Süddeutsche Zeitung

Gerichtsurteil:Verfassungsgericht muss Kinderfreibeträge prüfen

Eine Steuerberaterin hatte geklagt, weil sie die Entlastung für zu niedrig hält. Nun ist das Gericht in Karlsruhe am Zug. Im Extremfall könnten viele Eltern Geld zurück bekommen.

Eltern haben 2014 zu viele Steuern gezahlt. Das sagt zumindest das niedersächsische Finanzgericht: Die Kinderfreibeträge, also Steuererleichterungen für Eltern, seien 2014 zu niedrig gewesen. Und nicht nur das: Die Art und Weise, wie die Bundesregierung diese Freibeträge berechnet, ist für die Richter verfassungswidrig.
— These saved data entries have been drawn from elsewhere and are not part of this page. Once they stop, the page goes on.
(* Let $q=p^f$ with $p$ prime, and let $R=\mathbb F_{q^2}+\mathbb F_{q^2}u$ with $u^2=0$ and $ua=a^qu$ for $a\in\mathbb F_{q^2}$. Let $\rho=(R,R,\beta,\Phi)$ with $\beta$ and $\Phi$ as defined below. Then $\rho$ is a form ring (with $\beta$ admissible, associated anti-automorphism $(r+su)^J=r-s^qu$ and $\beta(v,w)=\beta(w,-v)$), and a left $R$-submodule $C\le R^N$ is a code of Type $\rho$ if and only if $C=C^{\perp_H}$, where $C^{\perp_H}=\{x\in R^N:\sum_{i=1}^N x_i\overline{c_i}=0\ \forall c\in C\}$ and $\overline{a+bu}:=a^q-bu$.
   Context: $\beta:R\times R\to\tfrac1p\mathbb Z/\mathbb Z$, $\beta(a'+b'u,a+bu):=\tfrac1p\mathrm{Tr}(ab'-a'b)$ with $\mathrm{Tr}$ the trace $\mathbb F_{q^2}\to\mathbb F_p\cong\mathbb Z/p\mathbb Z$. $\phi_0:R\to\tfrac1p\mathbb Z/\mathbb Z$, $\phi_0(a+bu):=\tfrac1p\mathrm{Tr}_{\mathbb F_q/\mathbb F_p}(a\,a^q)$, and $\Phi$ is the subgroup of maps $R\to\mathbb Q/\mathbb Z$ generated by $\{\phi_0[r]:r\in R\}$, where $(\phi[r])(v)=\phi(rv)$. General definitions: for a finite ring $R$ and finite left module $V$, $\beta:V\times V\to\mathbb Q/\mathbb Z$ biadditive is admissible if $v\mapsto\beta(v,\cdot)$ is an isomorphism $V\to\mathrm{Hom}(V,\mathbb Q/\mathbb Z)$, the set $M=\{\beta_r:r\in R\}$, $\beta_r(v,w)=\beta(v,rw)$, is closed under $\beta\mapsto\beta^\tau$, $\beta^\tau(v,w)=\beta(w,v)$, and $r\mapsto\beta_r$ is bijective; $J$ is defined by $\beta(rv,w)=\beta(v,r^Jw)$. $\mathrm{Quad}_0(V,\mathbb Q/\mathbb Z)$ is the group of maps $\phi$ with $\phi(0)=0$ and $\phi(x+y+z)-\phi(x+y)-\phi(x+z)-\phi(y+z)+\phi(x)+\phi(y)+\phi(z)=0$; $\{\!\{\beta\}\!\}(v)=\beta(v,v)$, $\lambda(\phi)(v,w)=\phi(v+w)-\phi(v)-\phi(w)$. A form ring is $(R,V,\beta,\Phi)$ with $\beta$ admissible and $\Phi\le\mathrm{Quad}_0$ a subgroup closed under all $\phi\mapsto\phi[r]$, with $\{\!\{M\}\!\}\subseteq\Phi$ and $\lambda(\Phi)\subseteq M$. A code of Type $\rho$ is a left submodule $C\le V^N$ with $C=\{x:\sum_i\beta(x_i,c_i)=0\ \forall c\in C\}$ and $\sum_i\phi(c_i)=0$ for all $c\in C,\phi\in\Phi$. *)

theory Defs
  imports Complex_Main "HOL-Library.Product_Plus" "HOL-Computational_Algebra.Primes"
begin

definition qz_rel :: "rat \<Rightarrow> rat \<Rightarrow> bool" where
  "qz_rel x y \<longleftrightarrow> x - y \<in> \<int>"

lemma qz_rel_equivp: "equivp qz_rel"
proof (rule equivpI)
  show "reflp qz_rel" by (auto simp: reflp_def qz_rel_def)
  show "symp qz_rel" unfolding symp_def qz_rel_def
    by (metis Ints_minus minus_diff_eq)
  show "transp qz_rel" unfolding transp_def qz_rel_def
    by (metis Ints_add diff_add_cancel add_diff_eq diff_add_eq)
qed

quotient_type qz = rat / qz_rel
  by (rule qz_rel_equivp)

instantiation qz :: ab_group_add
begin
lift_definition zero_qz :: qz is "0::rat" .
lift_definition plus_qz :: "qz \<Rightarrow> qz \<Rightarrow> qz" is "(+)"
  unfolding qz_rel_def
  by (metis Ints_add add_diff_add)
lift_definition uminus_qz :: "qz \<Rightarrow> qz" is "uminus"
  unfolding qz_rel_def by (metis Ints_minus minus_diff_eq minus_diff_minus)
lift_definition minus_qz :: "qz \<Rightarrow> qz \<Rightarrow> qz" is "(-)"
  unfolding qz_rel_def
  by (metis Ints_diff diff_diff_eq2 diff_add_eq add_diff_add diff_conv_add_uminus add_uminus_conv_diff
        minus_diff_eq diff_add_cancel)
instance
  by standard (transfer; simp add: qz_rel_def algebra_simps)+
end

definition qz_of :: "rat \<Rightarrow> qz" where "qz_of = abs_qz"

definition ring_on :: "('r::ab_group_add \<Rightarrow> 'r \<Rightarrow> 'r) \<Rightarrow> 'r \<Rightarrow> bool" where
  "ring_on rmul one \<longleftrightarrow>
     (\<forall>a b c. rmul (rmul a b) c = rmul a (rmul b c)) \<and>
     (\<forall>a b c. rmul a (b + c) = rmul a b + rmul a c) \<and>
     (\<forall>a b c. rmul (a + b) c = rmul a c + rmul b c) \<and>
     (\<forall>a. rmul one a = a \<and> rmul a one = a)"

definition left_module_on ::
  "('r::ab_group_add \<Rightarrow> 'r \<Rightarrow> 'r) \<Rightarrow> 'r \<Rightarrow> ('r \<Rightarrow> 'v::ab_group_add \<Rightarrow> 'v) \<Rightarrow> bool" where
  "left_module_on rmul one smul \<longleftrightarrow>
     ring_on rmul one \<and>
     (\<forall>r s v. smul (rmul r s) v = smul r (smul s v)) \<and>
     (\<forall>r v w. smul r (v + w) = smul r v + smul r w) \<and>
     (\<forall>r s v. smul (r + s) v = smul r v + smul s v) \<and>
     (\<forall>v. smul one v = v)"

definition additive_hom :: "('v::ab_group_add \<Rightarrow> qz) \<Rightarrow> bool" where
  "additive_hom \<chi> \<longleftrightarrow> (\<forall>x y. \<chi> (x + y) = \<chi> x + \<chi> y)"

definition biadditive :: "('v::ab_group_add \<Rightarrow> 'v \<Rightarrow> qz) \<Rightarrow> bool" where
  "biadditive \<beta> \<longleftrightarrow> (\<forall>v. additive_hom (\<beta> v)) \<and> (\<forall>w. additive_hom (\<lambda>v. \<beta> v w))"

definition beta_r :: "('r \<Rightarrow> 'v \<Rightarrow> 'v) \<Rightarrow> ('v \<Rightarrow> 'v \<Rightarrow> qz) \<Rightarrow> 'r \<Rightarrow> 'v \<Rightarrow> 'v \<Rightarrow> qz" where
  "beta_r smul \<beta> r = (\<lambda>v w. \<beta> v (smul r w))"

definition transp_form :: "('v \<Rightarrow> 'v \<Rightarrow> qz) \<Rightarrow> 'v \<Rightarrow> 'v \<Rightarrow> qz" where
  "transp_form \<beta> = (\<lambda>v w. \<beta> w v)"

definition forms_M :: "('r \<Rightarrow> 'v \<Rightarrow> 'v) \<Rightarrow> ('v \<Rightarrow> 'v \<Rightarrow> qz) \<Rightarrow> ('v \<Rightarrow> 'v \<Rightarrow> qz) set" where
  "forms_M smul \<beta> = range (beta_r smul \<beta>)"

definition admissible ::
  "('r \<Rightarrow> 'v::ab_group_add \<Rightarrow> 'v) \<Rightarrow> ('v \<Rightarrow> 'v \<Rightarrow> qz) \<Rightarrow> bool" where
  "admissible smul \<beta> \<longleftrightarrow>
     biadditive \<beta> \<and>
     bij_betw \<beta> UNIV {\<chi>. additive_hom \<chi>} \<and>
     (\<forall>m \<in> forms_M smul \<beta>. transp_form m \<in> forms_M smul \<beta>) \<and>
     bij_betw (beta_r smul \<beta>) UNIV (forms_M smul \<beta>)"

definition Quad0 :: "('v::ab_group_add \<Rightarrow> qz) set" where
  "Quad0 = {\<phi>. \<phi> 0 = 0 \<and>
     (\<forall>x y z. \<phi> (x + y + z) - \<phi> (x + y) - \<phi> (x + z) - \<phi> (y + z)
               + \<phi> x + \<phi> y + \<phi> z = 0)}"

definition diag_form :: "('v \<Rightarrow> 'v \<Rightarrow> qz) \<Rightarrow> 'v \<Rightarrow> qz" where
  "diag_form \<beta> = (\<lambda>v. \<beta> v v)"

definition lambda_q :: "('v::ab_group_add \<Rightarrow> qz) \<Rightarrow> 'v \<Rightarrow> 'v \<Rightarrow> qz" where
  "lambda_q \<phi> = (\<lambda>v w. \<phi> (v + w) - \<phi> v - \<phi> w)"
Als nächstes muss sich das Bundesverfassungsgericht mit diesem Problem beschäftigen. Die wichtigsten Fragen und Antworten:

Was ist der Kinderfreibetrag?

Der Kinderfreibetrag soll Eltern finanziell entlasten. Sie müssen auf einen bestimmten Teil des Einkommens keine Steuern zahlen, um das Existenzminimum der Kinder zu sichern. Derzeit liegt dieser Kinderfreibetrag bei 2304 Euro pro Jahr und Elternteil, zusammen also 4608 Euro. Er wird in die Einkommenssteuererklärung einbezogen und mit dem Kindergeld verrechnet. Wenn Eltern mehr Kindergeld bekommen haben, als sie durch die Freibeträge an Steuern sparen würden, wird der Kinderfreibetrag nicht berücksichtigt.

Worum ging es in der heutigen Entscheidung?

Eine Mutter von zwei Kindern klagte vor dem niedersächsischen Finanzgericht, weil sie der Meinung war, dass die Freibeträge nicht korrekt angesetzt werden. Entsprechend ging es bei der Entscheidung um die damals noch etwas niedrigeren Freibeträge des Jahres 2014. Die Bundesregierung legt in regelmäßigen Abständen neu fest, wie hoch der Kinderfreibetrag ist. In dem sogenannten "Existenzminimumbericht" für 2014 stand, dass der Freibetrag bei 4440 Euro pro Kind liegen sollte, also bei 2220 Euro pro Elternteil. "Diese Ankündigung hat der Gesetzgeber jedoch nicht umgesetzt", sagt das niedersächsische Finanzgericht. "Die Kinderfreibeträge sind vielmehr erst ab dem Veranlagungszeitraum 2015 angehoben worden." Der Betrag blieb im Jahr 2014 bei 4368 Euro und damit unter den eigenen Vorgaben. Durch diese Differenz in Höhe von 72 Euro zwischen der Vorgabe im Existenzminimumbericht und dem tatsächlich damals geltenden Freibetrag von 4368 Euro seien ihr im Jahr 2014 insgesamt 820 Euro an Steuervergünstigungen verloren gegangen, argumentierte die Klägerin.

Was sagt das Gericht dazu?

Für das Gericht geht es bei der Klage um mehr als den konkreten Fall. Richterin Georgia Gascard betonte: Aus Sicht des Gerichts ist die Art und Weise, wie die Bundesregierung die Kinderfreibeträge berechnet, verfassungswidrig.

Wie begründet das Gericht diese Auffassung?

Das Gericht hinterfragt, ob die bisherige Umsetzung der Kinderfreibeträge gerecht ist. Wenn Eltern für ihr Kind zum Beispiel Sozialhilfe bekommen, werden die ausgezahlten Beträge nach dem Alter gestaffelt. Für ältere Kinder gibt es also mehr Geld. Der steuerliche Freibetrag aber ist für alle Kinder gleich, egal wie alt sie sind. Diese Ungleichbehandlung ist aus Sicht des Finanzgerichts verfassungswidrig.

Wie geht es nun weiter?

Die Klage wird nun zur endgültigen Entscheidung dem Bundesverfassungsgericht vorgelegt. "Bis dort eine Entscheidung gefällt wird, können drei oder vier Jahre vergehen", sagt ein Sprecher des Finanzgerichts. Die Klage könnte sogar noch abgelehnt werden, doch das gilt als unwahrscheinlich.

Sollte das Bundesverfassungsgericht die Klage zulassen und ebenfalls im Sinne der Klägerin entscheiden, gibt es zwei Möglichkeiten: Die wahrscheinlichste wäre, dass das Gericht der Bundesregierung eine Frist setzt. Sie müsste dann bis zu einem bestimmten Zeitpunkt die verfassungswidrigen Stellen des Gesetzes ausbessern. Die zweite Möglichkeit wäre, dass die Bundesregierung die Steuerfreibeträge nachzahlen muss. Das könnte aufgrund der Vielzahl von Betroffenen Millionen kosten.